**Exercise prompt**: Among the entries below, how many lines contain the string "also"? Reply with that number alone.

*** Data provided ***

(* Consider the VP forward SDE $\mathrm{d}\boldsymbol{x}_t=-\tfrac12\beta(t)\boldsymbol{x}_t\,\mathrm{d}t+\sqrt{\beta(t)}\,\mathrm{d}\boldsymbol{w}_t$ with $0\le\beta(t)\le\beta_{\max}<\infty$, $\alpha(t)=\exp(-\int_0^t\beta(s)\,\mathrm{d}s)$, started from a clean random variable $\boldsymbol{x}_0$ supported on a compact set $\mathcal{X}$ with $\sup_{\boldsymbol{x}\in\mathcal{X}}\|\boldsymbol{x}\|_2\le B_x$; let $p_t$ denote the law of $\boldsymbol{x}_t$. Suppose the score network satisfies $\mathbb{E}_{\boldsymbol{x}\sim p_t}\big[\|\nabla_{\boldsymbol{x}}\log p_t(\boldsymbol{x})-\boldsymbol{s}_{\boldsymbol{\theta}}(\boldsymbol{x},t)\|_2^2\big]\le\epsilon_s(t)^2$ for all $t$. Let $\hat{\boldsymbol{x}}_{0|t}=\frac{1}{\sqrt{\alpha(t)}}\big(\boldsymbol{x}_t+(1-\alpha(t))\boldsymbol{s}_{\boldsymbol{\theta}}(\boldsymbol{x}_t,t)\big)$. Then for every $t\in[0,T]$, $$\mathbb{E}\|\hat{\boldsymbol{x}}_{0|t}\|^2\le K(t)<\infty,\qquad K(t)=\Big(B_x+\frac{1-\alpha(t)}{\sqrt{\alpha(t)}}\epsilon_s(t)\Big)^2,$$ where the expectation is over $\boldsymbol{x}_t\sim p_t$. *)

theory Defs
  imports "HOL-Probability.Probability"
begin

definition vp_alpha :: "(real \<Rightarrow> real) \<Rightarrow> real \<Rightarrow> real" where
  "vp_alpha \<beta> t = exp (- integral {0..t} \<beta>)"

definition std_gauss :: "'a::euclidean_space measure" where
  "std_gauss = density lborel
     (\<lambda>z. ennreal ((2 * pi) powr (- real DIM('a) / 2) * exp (- (norm z)\<^sup>2 / 2)))"

text \<open>Law p_t of x_t for the VP SDE dx = -1/2 beta x dt + sqrt beta dw started from x_0 ~ mu0:
  x_t has the same law as sqrt(alpha t) x_0 + sqrt(1 - alpha t) z, with z ~ N(0,I) independent of x_0.\<close>
definition vp_law :: "'a::euclidean_space measure \<Rightarrow> (real \<Rightarrow> real) \<Rightarrow> real \<Rightarrow> 'a measure" where
  "vp_law \<mu>0 \<beta> t = distr (\<mu>0 \<Otimes>\<^sub>M std_gauss) borel
     (\<lambda>(y, z). sqrt (vp_alpha \<beta> t) *\<^sub>R y + sqrt (1 - vp_alpha \<beta> t) *\<^sub>R z)"

text \<open>The (smooth) Lebesgue density of p_t when alpha t < 1 (Gaussian convolution of mu0).\<close>
definition vp_density :: "'a::euclidean_space measure \<Rightarrow> (real \<Rightarrow> real) \<Rightarrow> real \<Rightarrow> 'a \<Rightarrow> real" where
  "vp_density \<mu>0 \<beta> t x = (\<integral> y. (2 * pi * (1 - vp_alpha \<beta> t)) powr (- real DIM('a) / 2)
       * exp (- (norm (x - sqrt (vp_alpha \<beta> t) *\<^sub>R y))\<^sup>2 / (2 * (1 - vp_alpha \<beta> t))) \<partial>\<mu>0)"

definition grad :: "('a::euclidean_space \<Rightarrow> real) \<Rightarrow> 'a \<Rightarrow> 'a" where
  "grad f x = (SOME g. (f has_derivative (\<lambda>h. g \<bullet> h)) (at x))"

definition vp_score :: "'a::euclidean_space measure \<Rightarrow> (real \<Rightarrow> real) \<Rightarrow> real \<Rightarrow> 'a \<Rightarrow> 'a" where
  "vp_score \<mu>0 \<beta> t x = grad (\<lambda>y. ln (vp_density \<mu>0 \<beta> t y)) x"

definition tweedie_est :: "('a::euclidean_space \<Rightarrow> real \<Rightarrow> 'a) \<Rightarrow> (real \<Rightarrow> real) \<Rightarrow> real \<Rightarrow> 'a \<Rightarrow> 'a" where
  "tweedie_est s \<beta> t x = (1 / sqrt (vp_alpha \<beta> t)) *\<^sub>R (x + (1 - vp_alpha \<beta> t) *\<^sub>R s x t)"

end

theory Submission
  imports Defs
begin

(* Write x_t = sqrt alpha x_0 + sqrt (1 - alpha) z. For alpha < 1 the law p_t is a Gaussian mixture
   over the law of x_0, and differentiating under the integral sign gives Tweedie's formula
   x + (1 - alpha) grad log p_t x = sqrt alpha E[x_0 | x_t = x], where the posterior mean has norm at
   most B_x. Hence hat x_{0|t} = E[x_0 | x_t] + c (s_theta - grad log p_t) with c = (1 - alpha) / sqrt alpha,
   so |hat x_{0|t}| <= B_x + c F pointwise, F being the score error, and E (B_x + c F)^2 <= (B_x + c eps)^2
   because E F <= sqrt (E F^2) <= eps. For alpha = 1 there is no noise and hat x_{0|t} = x_t = x_0. *)

lemma has_derivative_at_of_quadratic_remainder:
  fixes f :: "'a::real_normed_vector \<Rightarrow> 'b::real_normed_vector"
  assumes "bounded_linear D" and "\<And>h. norm (f (x + h) - f x - D h) \<le> K * (norm h)\<^sup>2"
  shows "(f has_derivative D) (at x)"
  unfolding has_derivative_at
proof
  show "bounded_linear D" by fact
  have bound: "norm (norm (f (x + h) - f x - D h) / norm h) \<le> \<bar>K\<bar> * norm h" for h
  proof (cases "h = 0")
    case False
    have "K * (norm h)\<^sup>2 \<le> \<bar>K\<bar> * (norm h)\<^sup>2"
      by (intro mult_right_mono) auto
    with assms(2)[of h] have "norm (f (x + h) - f x - D h) \<le> \<bar>K\<bar> * (norm h)\<^sup>2"
      by linarith
    with False show ?thesis
      by (simp add: divide_le_eq power2_eq_square mult.assoc)
  qed simp
  have "((\<lambda>h. \<bar>K\<bar> * norm h) \<longlongrightarrow> 0) (at 0)"
    by (intro tendsto_mult_right_zero tendsto_norm_zero tendsto_ident_at)
  then show "((\<lambda>h. norm (f (x + h) - f x - D h) / norm h) \<longlongrightarrow> 0) (at 0)"
    by (rule Lim_null_comparison[OF always_eventually[OF allI[OF bound]]])
qed

lemma grad_eqI:
  fixes f :: "'a::euclidean_space \<Rightarrow> real"
  assumes "(f has_derivative (\<lambda>h. g \<bullet> h)) (at x)"
  shows "grad f x = g"
proof -
  have "(f has_derivative (\<lambda>h. grad f x \<bullet> h)) (at x)"
    unfolding grad_def using assms by (rule someI)
  then have "(\<lambda>h. grad f x \<bullet> h) = (\<lambda>h. g \<bullet> h)"
    using assms by (rule has_derivative_unique)
  then show ?thesis
    by (metis vector_eq_rdot)
qed

lemma gaussian_second_derivative_le:
  fixes w h :: "'a::real_inner" and v :: real
  assumes "0 < v"
  shows "\<bar>exp (- (norm w)\<^sup>2 / (2 * v)) * ((w \<bullet> h)\<^sup>2 / v\<^sup>2 - (norm h)\<^sup>2 / v)\<bar>
           \<le> 3 / v * (norm h)\<^sup>2"
proof -
  define r where "r = (norm w)\<^sup>2 / (2 * v)"
  have r: "0 \<le> r" using assms by (simp add: r_def)
  have "r \<le> exp r"
    using exp_ge_add_one_self[of r] by linarith
  then have exp_r: "exp (- r) * r \<le> 1"
    by (simp add: exp_minus field_simps)
  have "(w \<bullet> h)\<^sup>2 \<le> (norm w)\<^sup>2 * (norm h)\<^sup>2"
    by (metis Cauchy_Schwarz_ineq2 abs_ge_zero power2_abs power_mono power_mult_distrib)
  then have "exp (- r) * ((w \<bullet> h)\<^sup>2 / v\<^sup>2) \<le> exp (- r) * r * (2 / v * (norm h)\<^sup>2)"
    using assms by (simp add: r_def divide_right_mono power2_eq_square field_simps)
  also have "\<dots> \<le> 2 / v * (norm h)\<^sup>2"
    using exp_r r assms by (intro mult_left_le_one_le) auto
  finally have mixed: "exp (- r) * ((w \<bullet> h)\<^sup>2 / v\<^sup>2) \<le> 2 / v * (norm h)\<^sup>2" .
  have diagonal: "exp (- r) * ((norm h)\<^sup>2 / v) \<le> (norm h)\<^sup>2 / v"
    using r assms by (intro mult_left_le_one_le) auto
  have "0 \<le> exp (- r) * ((w \<bullet> h)\<^sup>2 / v\<^sup>2)" "0 \<le> exp (- r) * ((norm h)\<^sup>2 / v)"
    using assms by simp_all
  then have "\<bar>exp (- r) * ((w \<bullet> h)\<^sup>2 / v\<^sup>2 - (norm h)\<^sup>2 / v)\<bar>
      \<le> exp (- r) * ((w \<bullet> h)\<^sup>2 / v\<^sup>2) + exp (- r) * ((norm h)\<^sup>2 / v)"
    by (auto simp: abs_le_iff right_diff_distrib)
  also have "\<dots> \<le> 3 / v * (norm h)\<^sup>2"
    using mixed diagonal by (simp add: field_simps)
  finally show ?thesis
    by (simp add: r_def)
qed

lemma gaussian_taylor_remainder_le:
  fixes u h :: "'a::real_inner" and v :: real
  assumes v: "0 < v"
  shows "\<bar>exp (- (norm (u + h))\<^sup>2 / (2 * v)) - exp (- (norm u)\<^sup>2 / (2 * v))
           + exp (- (norm u)\<^sup>2 / (2 * v)) * (u \<bullet> h) / v\<bar> \<le> 3 / (2 * v) * (norm h)\<^sup>2"
proof -
  define A B Q where "A = u \<bullet> u" and "B = u \<bullet> h" and "Q = h \<bullet> h"
  define g where "g t = exp (- (A + 2 * t * B + t\<^sup>2 * Q) / (2 * v))" for t
  \<comment> \<open>d n is the n-th derivative of t \<mapsto> exp (- norm (u + t h) ^ 2 / (2 v))\<close>
  define d :: "nat \<Rightarrow> real \<Rightarrow> real" where
    "d n t = (if n = 0 then g t else if n = 1 then - g t * (B + t * Q) / v
              else g t * ((B + t * Q)\<^sup>2 / v\<^sup>2 - Q / v))" for n t
  have line: "(norm (u + t *\<^sub>R h))\<^sup>2 = A + 2 * t * B + t\<^sup>2 * Q" "(u + t *\<^sub>R h) \<bullet> h = B + t * Q" for t
    unfolding A_def B_def Q_def power2_norm_eq_inner
    by (simp_all add: inner_add_left inner_add_right inner_commute[of h u] power2_eq_square
        algebra_simps)
  have Q_norm: "Q = (norm h)\<^sup>2"
    by (simp add: Q_def power2_norm_eq_inner)
  have "DERIV (d 0) t :> d 1 t" "DERIV (d 1) t :> d 2 t" for t
    unfolding d_def g_def using v
    by (auto intro!: derivative_eq_intros simp: power2_eq_square field_simps)
  then obtain t where "d 0 1 = (\<Sum>m<2. d m 0 / fact m * 1 ^ m) + d 2 t / fact 2 * 1 ^ 2"
    using Maclaurin[of 1 2 d "d 0"] by (force simp: less_Suc_eq numeral_2_eq_2)
  then have taylor: "d 0 1 - d 0 0 - d 1 0 = d 2 t / 2"
    by (simp add: numeral_2_eq_2)
  have lhs: "d 0 1 - d 0 0 - d 1 0 = exp (- (norm (u + h))\<^sup>2 / (2 * v)) - exp (- (norm u)\<^sup>2 / (2 * v))
           + exp (- (norm u)\<^sup>2 / (2 * v)) * (u \<bullet> h) / v"
    using line[of 0] line[of 1] by (simp add: d_def g_def B_def)
  have "d 2 t = exp (- (norm (u + t *\<^sub>R h))\<^sup>2 / (2 * v))
      * (((u + t *\<^sub>R h) \<bullet> h)\<^sup>2 / v\<^sup>2 - (norm h)\<^sup>2 / v)"
    unfolding d_def g_def line Q_norm by simp
  then have "\<bar>d 2 t\<bar> \<le> 3 / v * (norm h)\<^sup>2"
    using gaussian_second_derivative_le[OF v] by simp
  then have "\<bar>d 2 t / 2\<bar> \<le> 3 / (2 * v) * (norm h)\<^sup>2"
    by (simp add: abs_divide)
  then show ?thesis
    unfolding lhs[symmetric] taylor .
qed

lemma (in prob_space) nn_integral_affine_square_le:
  fixes f :: "'a \<Rightarrow> real"
  assumes f: "f \<in> borel_measurable M"
    and moment: "(\<integral>\<^sup>+ x. ennreal ((f x)\<^sup>2) \<partial>M) \<le> ennreal (e\<^sup>2)"
    and "0 \<le> e" "0 \<le> A" "0 \<le> c"
  shows "(\<integral>\<^sup>+ x. ennreal ((A + c * f x)\<^sup>2) \<partial>M) \<le> ennreal ((A + c * e)\<^sup>2)"
proof -
  have sq_int: "integrable M (\<lambda>x. (f x)\<^sup>2)"
    using f moment by (intro integrableI_bounded) (auto simp: top.not_eq_extremum le_less_trans)
  have f_int: "integrable M f"
    by (rule square_integrable_imp_integrable[OF f sq_int])
  have "ennreal (expectation (\<lambda>x. (f x)\<^sup>2)) \<le> ennreal (e\<^sup>2)"
    using moment by (simp add: nn_integral_eq_integral[OF sq_int, symmetric])
  then have second: "expectation (\<lambda>x. (f x)\<^sup>2) \<le> e\<^sup>2"
    using \<open>0 \<le> e\<close> by (simp add: ennreal_le_iff)
  then have "(expectation f)\<^sup>2 \<le> e\<^sup>2"
    using variance_positive[of f] variance_eq[OF f_int sq_int] by linarith
  then have first: "expectation f \<le> e"
    using \<open>0 \<le> e\<close> by (simp add: power2_le_iff_abs_le)
  have "expectation (\<lambda>x. (A + c * f x)\<^sup>2)
      = A\<^sup>2 + 2 * A * c * expectation f + c\<^sup>2 * expectation (\<lambda>x. (f x)\<^sup>2)"
    using f_int sq_int by (simp add: power2_sum power_mult_distrib prob_space algebra_simps)
  also have "\<dots> \<le> A\<^sup>2 + 2 * A * c * e + c\<^sup>2 * e\<^sup>2"
    using first second assms(3-5) by (intro add_mono mult_left_mono) auto
  also have "\<dots> = (A + c * e)\<^sup>2"
    by (simp add: power2_sum power_mult_distrib)
  finally have "expectation (\<lambda>x. (A + c * f x)\<^sup>2) \<le> (A + c * e)\<^sup>2" .
  moreover have "integrable M (\<lambda>x. (A + c * f x)\<^sup>2)"
    using f_int sq_int by (simp add: power2_sum power_mult_distrib)
  ultimately show ?thesis
    by (simp add: nn_integral_eq_integral ennreal_leI)
qed

(* For C = (2 pi v) powr (- DIM('a) / 2), mixture_density is the density of a Y + sqrt v Z with Y ~ M
   and Z standard Gaussian, and posterior_mean x = E[Y | a Y + sqrt v Z = x]. The score does not
   depend on C. *)
locale gaussian_mixture = prob_space M for M :: "'a::euclidean_space measure" +
  fixes a v C B :: real
  assumes sets_M [measurable_cong]: "sets M = sets borel"
    and norm_le_AE: "AE y in M. norm y \<le> B"
    and v_pos: "0 < v" and C_pos: "0 < C"
begin

definition kernel :: "'a \<Rightarrow> 'a \<Rightarrow> real" where
  "kernel x y = C * exp (- (norm (x - a *\<^sub>R y))\<^sup>2 / (2 * v))"

definition mixture_density :: "'a \<Rightarrow> real" where
  "mixture_density x = (\<integral>y. kernel x y \<partial>M)"

definition posterior_mean :: "'a \<Rightarrow> 'a" where
  "posterior_mean x = (1 / mixture_density x) *\<^sub>R (\<integral>y. kernel x y *\<^sub>R y \<partial>M)"

lemma B_nonneg: "0 \<le> B"
proof -
  have "AE y in M. 0 \<le> B"
    using norm_le_AE by eventually_elim (rule order_trans[OF norm_ge_zero])
  then show ?thesis by simp
qed

lemma kernel_pos: "0 < kernel x y"
  using C_pos by (simp add: kernel_def)

lemma kernel_le: "kernel x y \<le> C"
  using C_pos v_pos by (simp add: kernel_def)

lemma borel_measurable_kernel [measurable]:
  "(\<lambda>(x, y). kernel x y) \<in> borel_measurable (borel \<Otimes>\<^sub>M M)"
  "kernel x \<in> borel_measurable M"
  unfolding kernel_def by measurable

*** End of Data provided ***

**Your solution**: 4